Implementation:Vibrantlabsai Ragas QuotedSpans
| Knowledge Sources | |
|---|---|
| Domains | Evaluation, Metrics |
| Last Updated | 2026-02-12 00:00 GMT |
Overview
The quoted spans alignment metric measures citation accuracy by computing the fraction of quoted text spans in model-generated answers that can be found verbatim in the provided source passages.
Description
This module provides a functional (non-class-based) metric for evaluating citation alignment in model-generated answers. The core idea is that when a model quotes text within quotation marks, those quoted spans should be traceable back to the source documents.
The algorithm works as follows:
- Extract Quoted Spans -- A regular expression (
_QUOTE_RE) matches text enclosed in straight quotes ("), curly quotes, or other common quotation mark characters. Spans shorter than a configurable minimum word count (min_len, default 3 words) are discarded to avoid spurious matches.
- Normalize Text -- Both the quoted spans and source passages undergo light normalization: whitespace is collapsed and text is lowercased (when casefold is True, the default).
- Substring Matching -- For each answer, all source passages are joined into a single string. Each extracted quoted span is then checked for substring membership in the normalized source text.

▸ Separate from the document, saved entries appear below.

(* Let $X$ and $Y$ be two real random variables satisfying $X \leq_{cx} Y$, with distribution functions $F_X$ and $F_Y$ respectively. For a given $\alpha \in \mathbb{R}$, let \[h = \min\left[1,\ \max\left\{w : w (x-\alpha) \leq \int_{-\infty}^x F_Y(t)\, \mathrm{d} t \ \text{ for all } x \in \mathbb{R}\right\} \right].\] Then $F_X(\alpha) \leq h$. Furthermore, there exists a random variable $\tilde X$, with distribution function $F_{\tilde X}$, such that $\tilde X \leq_{cx} Y$ and $F_{\tilde X}(\alpha) = h$.
   Context: For random variables $X$ and $Y$, $X \leq_{cx} Y$ means $\mathrm{E}\{h(X)\} \leq \mathrm{E}\{h(Y)\}$ for every convex function $h$ for which the expectations exist. *)

theory Defs
  imports "HOL-Probability.Probability"
begin

text \<open>A real random variable is represented by its law: a probability measure on the
  Borel sets of the reals.\<close>

definition real_law :: "real measure \<Rightarrow> bool" where
  "real_law M \<longleftrightarrow> prob_space M \<and> sets M = sets borel"

definition cdf_of :: "real measure \<Rightarrow> real \<Rightarrow> real" where
  "cdf_of M x = measure M {..x}"

definition cx_le :: "real measure \<Rightarrow> real measure \<Rightarrow> bool" where
  "cx_le MX MY \<longleftrightarrow>
     integrable MX (\<lambda>x. x) \<and> integrable MY (\<lambda>x. x) \<and>
     (\<forall>h::real \<Rightarrow> real. convex_on UNIV h \<longrightarrow> integrable MX h \<longrightarrow> integrable MY h \<longrightarrow>
        (\<integral>x. h x \<partial>MX) \<le> (\<integral>x. h x \<partial>MY))"

end

theory Submission
  imports Defs
begin

text \<open>Let Psi(x) = integral of F_Y over ]-oo, x] = E (x - Y)^+. If X is below Y in convex order,
  then F_X(alpha) (x - alpha) <= E (x - X)^+ <= Psi(x) for all x, so F_X(alpha) is the slope of a
  line through (alpha, 0) below Psi, whence F_X(alpha) <= h.
  Conversely, take an event A of probability h on which Y <= q and off which Y >= q (an atom of Y
  at the quantile q is split by an independent coin), and let X be Y off A and the conditional
  mean mu = q - Psi(q) / h of Y on A. Jensen's inequality on A gives that X is below Y in convex
  order, and mu <= alpha because h is such a slope, so F_X(alpha) >= h. For h = 1 the event is
  the whole space and X is the mean of Y.\<close>


lemma convex_on_max:
  fixes f g :: "'a::real_vector \<Rightarrow> real"
  assumes f: "convex_on S f" and g: "convex_on S g"
  shows "convex_on S (\<lambda>x. max (f x) (g x))"
proof
  show "convex S" using f by (simp add: convex_on_def)
  fix t :: real and x y assume t: "0 < t" "t < 1" and xy: "x \<in> S" "y \<in> S"
  have "(1 - t) * f x + t * f y \<le> (1 - t) * max (f x) (g x) + t * max (f y) (g y)"
    and "(1 - t) * g x + t * g y \<le> (1 - t) * max (f x) (g x) + t * max (f y) (g y)"
    using t by (intro add_mono mult_left_mono; simp)+
  with convex_onD[OF f, of t x y] convex_onD[OF g, of t x y] t xy
  show "max (f ((1 - t) *\<^sub>R x + t *\<^sub>R y)) (g ((1 - t) *\<^sub>R x + t *\<^sub>R y))
        \<le> (1 - t) * max (f x) (g x) + t * max (f y) (g y)"
    by simp
qed

lemma convex_on_pos_part_diff: "convex_on UNIV (\<lambda>y::real. max 0 (x - y))"
  by (intro convex_on_max convex_on_diff) (simp_all add: convex_on_const concave_on_ident)

lemma Greatest_mem_eq_Sup:
  fixes S :: "real set"
  assumes "closed S" and "S \<noteq> {}" and "bdd_above S"
  shows "(GREATEST w. w \<in> S) = Sup S"
  by (rule Greatest_equality) (use assms closed_contains_Sup cSup_upper in auto)

definition slopes_below :: "(real \<Rightarrow> real) \<Rightarrow> real \<Rightarrow> real set" where
  "slopes_below \<Psi> \<alpha> = {w. \<forall>x. w * (x - \<alpha>) \<le> \<Psi> x}"

lemma closed_slopes_below: "closed (slopes_below \<Psi> \<alpha>)"
  unfolding slopes_below_def
  by (intro closed_Collect_all closed_Collect_le) (auto intro!: continuous_intros)

lemma slopes_below_le: "w \<in> slopes_below \<Psi> \<alpha> \<Longrightarrow> w \<le> \<Psi> (\<alpha> + 1)"
  by (auto simp: slopes_below_def dest: spec[of _ "\<alpha> + 1"])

- Compute Score -- The final score is the fraction of matched spans over the total number of extracted spans:
matched / total. If no quoted spans are found across the entire dataset, the score defaults to 0.0.

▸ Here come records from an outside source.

(* Let $\|\cdot\|_{Lo}$ be the Lorentz norm on $\mathbb{R}^p$ ($p\ge2$), with allowed sets all $S\subset\{1,\dots,p\}$ containing $p$ and associated norms $\Omega^{S^c}$ as in the context. Fix $J\subset\{1,\dots,p\}$ and let $g$ be the gauge norm described in the context. Then $g(\beta)=\|\beta\|_1$ for all $\beta\in\mathbb{R}^p$.
   Context: The Lorentz cone is $\mathcal{A}:=\{a\in\mathbb{R}^p: a_j>0\ \forall j,\ a_p\ge\|(a_1,\dots,a_{p-1})\|_2\}$ and $\|\beta\|_{Lo}:=\inf_{a\in\mathcal{A}}\frac12\sum_{i=1}^p\big(\beta_i^2/a_i+a_i\big)$. For $S\ni p$, $\mathcal{A}_{S^c}:=\{(a_j)_{j\in S^c}:a\in\mathcal{A}\}$, $\Omega^{S^c}(\beta_{S^c}):=\inf_{a\in\mathcal{A}_{S^c}}\frac12\sum_{j\in S^c}\big(\beta_j^2/a_j+a_j\big)$, and $\Upsilon_S(\beta):=\|\beta_S\|_{Lo}+\Omega^{S^c}(\beta_{S^c})$, where $\beta_S$ has entries $\beta_j1\{j\in S\}$. Let $\beta_{f(J)}:=\beta_J-\beta_{J^{c}}$, $\mathrm{flip}_J(B):=\{\beta_{f(J)}:\beta\in B\}$, $\overline{B}:=\bigcup_{S\text{ allowed}}\{\beta:\Upsilon_S(\beta)\le1\}$, $B_g:=\mathrm{Conv}(\overline{B}\cup\mathrm{flip}_J(\overline{B}))$, and $g(x):=\inf\{t>0:x\in tB_g\}$. *)

theory Defs
  imports "HOL-Analysis.Analysis"
begin

(* Vectors of R^p are represented as functions nat => real, indices 1..p, zero outside. *)
definition vecs :: "nat \<Rightarrow> (nat \<Rightarrow> real) set" where
  "vecs p = {\<beta>. \<forall>j. j \<notin> {1..p} \<longrightarrow> \<beta> j = 0}"

definition lorentz_cone :: "nat \<Rightarrow> (nat \<Rightarrow> real) set" where
  "lorentz_cone p = {a. (\<forall>j\<in>{1..p}. a j > 0) \<and> a p \<ge> sqrt (\<Sum>j=1..p-1. (a j)^2)}"

definition lo_norm :: "nat \<Rightarrow> (nat \<Rightarrow> real) \<Rightarrow> real" where
  "lo_norm p \<beta> = Inf ((\<lambda>a. (1/2) * (\<Sum>i=1..p. (\<beta> i)^2 / a i + a i)) ` lorentz_cone p)"

(* Omega^{S^c}: infimum over the projection A_{S^c} of the cone; written as an inf over a in A *)
definition omega_comp :: "nat \<Rightarrow> nat set \<Rightarrow> (nat \<Rightarrow> real) \<Rightarrow> real" where
  "omega_comp p S \<beta> = Inf ((\<lambda>a. (1/2) * (\<Sum>j\<in>{1..p} - S. (\<beta> j)^2 / a j + a j)) ` lorentz_cone p)"

definition restr :: "nat set \<Rightarrow> (nat \<Rightarrow> real) \<Rightarrow> (nat \<Rightarrow> real)" where
  "restr S \<beta> = (\<lambda>j. if j \<in> S then \<beta> j else 0)"

definition upsilon :: "nat \<Rightarrow> nat set \<Rightarrow> (nat \<Rightarrow> real) \<Rightarrow> real" where
  "upsilon p S \<beta> = lo_norm p (restr S \<beta>) + omega_comp p S (restr ({1..p} - S) \<beta>)"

The function processes batches of answers and their corresponding source lists, making it suitable for evaluation pipelines.
Usage
Use this metric when evaluating models that produce answers with direct quotations or citations from source documents. It is particularly useful for retrieval-augmented generation (RAG) systems where the model is expected to cite passages verbatim. A high score indicates that the model accurately quotes from its sources, while a low score suggests hallucinated or inaccurate citations.
Code Reference
Source Location
- Repository: Vibrantlabsai_Ragas
- File: src/ragas/metrics/quoted_spans.py
Signature
def quoted_spans_alignment(
answers: Sequence[str],
sources: Sequence[Sequence[str]],
*,
casefold: bool = True,
min_len: int = 3,
) -> Dict[str, float]:
Import
from ragas.metrics.quoted_spans import quoted_spans_alignment
I/O Contract
Inputs
| Name | Type | Required | Description |
|---|---|---|---|
| answers | Sequence[str] | Yes | List of model-generated answers (length N) potentially containing quoted spans |
| sources | Sequence[Sequence[str]] | Yes | List of lists (length N) of source passages corresponding to each answer |
| casefold | bool | No | Whether to normalize text by lowercasing before matching (default: True) |
| min_len | int | No | Minimum number of words in a quoted span for it to be considered (default: 3) |
Outputs
| Name | Type | Description |
|---|---|---|
| citation_alignment_quoted_spans | float | Fraction of quoted spans found verbatim in the sources (0.0 to 1.0) |
| matched | float | Number of quoted spans that were matched in the sources |
| total | float | Total number of quoted spans extracted from the answers |
Internal Helper Functions
| Function | Purpose |
|---|---|
_normalize(text) |
Collapses whitespace and lowercases text for consistent matching |
_extract_quoted_spans(answer, min_len=3) |
Extracts quoted text spans from an answer using regex, filtering by minimum word count |
Usage Examples
Basic Usage
from ragas.metrics.quoted_spans import quoted_spans_alignment
answers = [
'The report states "climate change is accelerating rapidly" according to the study.',
'The author noted "economic growth remained steady throughout the quarter" in the analysis.',
]
sources = [
["Climate change is accelerating rapidly, with temperatures rising each year."],
["Economic growth remained steady throughout the quarter, exceeding expectations."],
]
result = quoted_spans_alignment(answers, sources)
print(result)
# {
# "citation_alignment_quoted_spans": 1.0,
# "matched": 2.0,
# "total": 2.0,
# }
Case-Sensitive Matching
from ragas.metrics.quoted_spans import quoted_spans_alignment
answers = ['He said "The Quick Brown Fox jumped over the lazy dog" in his speech.']
sources = [["the quick brown fox jumped over the lazy dog"]]
# With casefold (default): matches
result_casefold = quoted_spans_alignment(answers, sources, casefold=True)
# citation_alignment_quoted_spans: 1.0
# Without casefold: may not match due to case differences
result_exact = quoted_spans_alignment(answers, sources, casefold=False)
# citation_alignment_quoted_spans: 0.0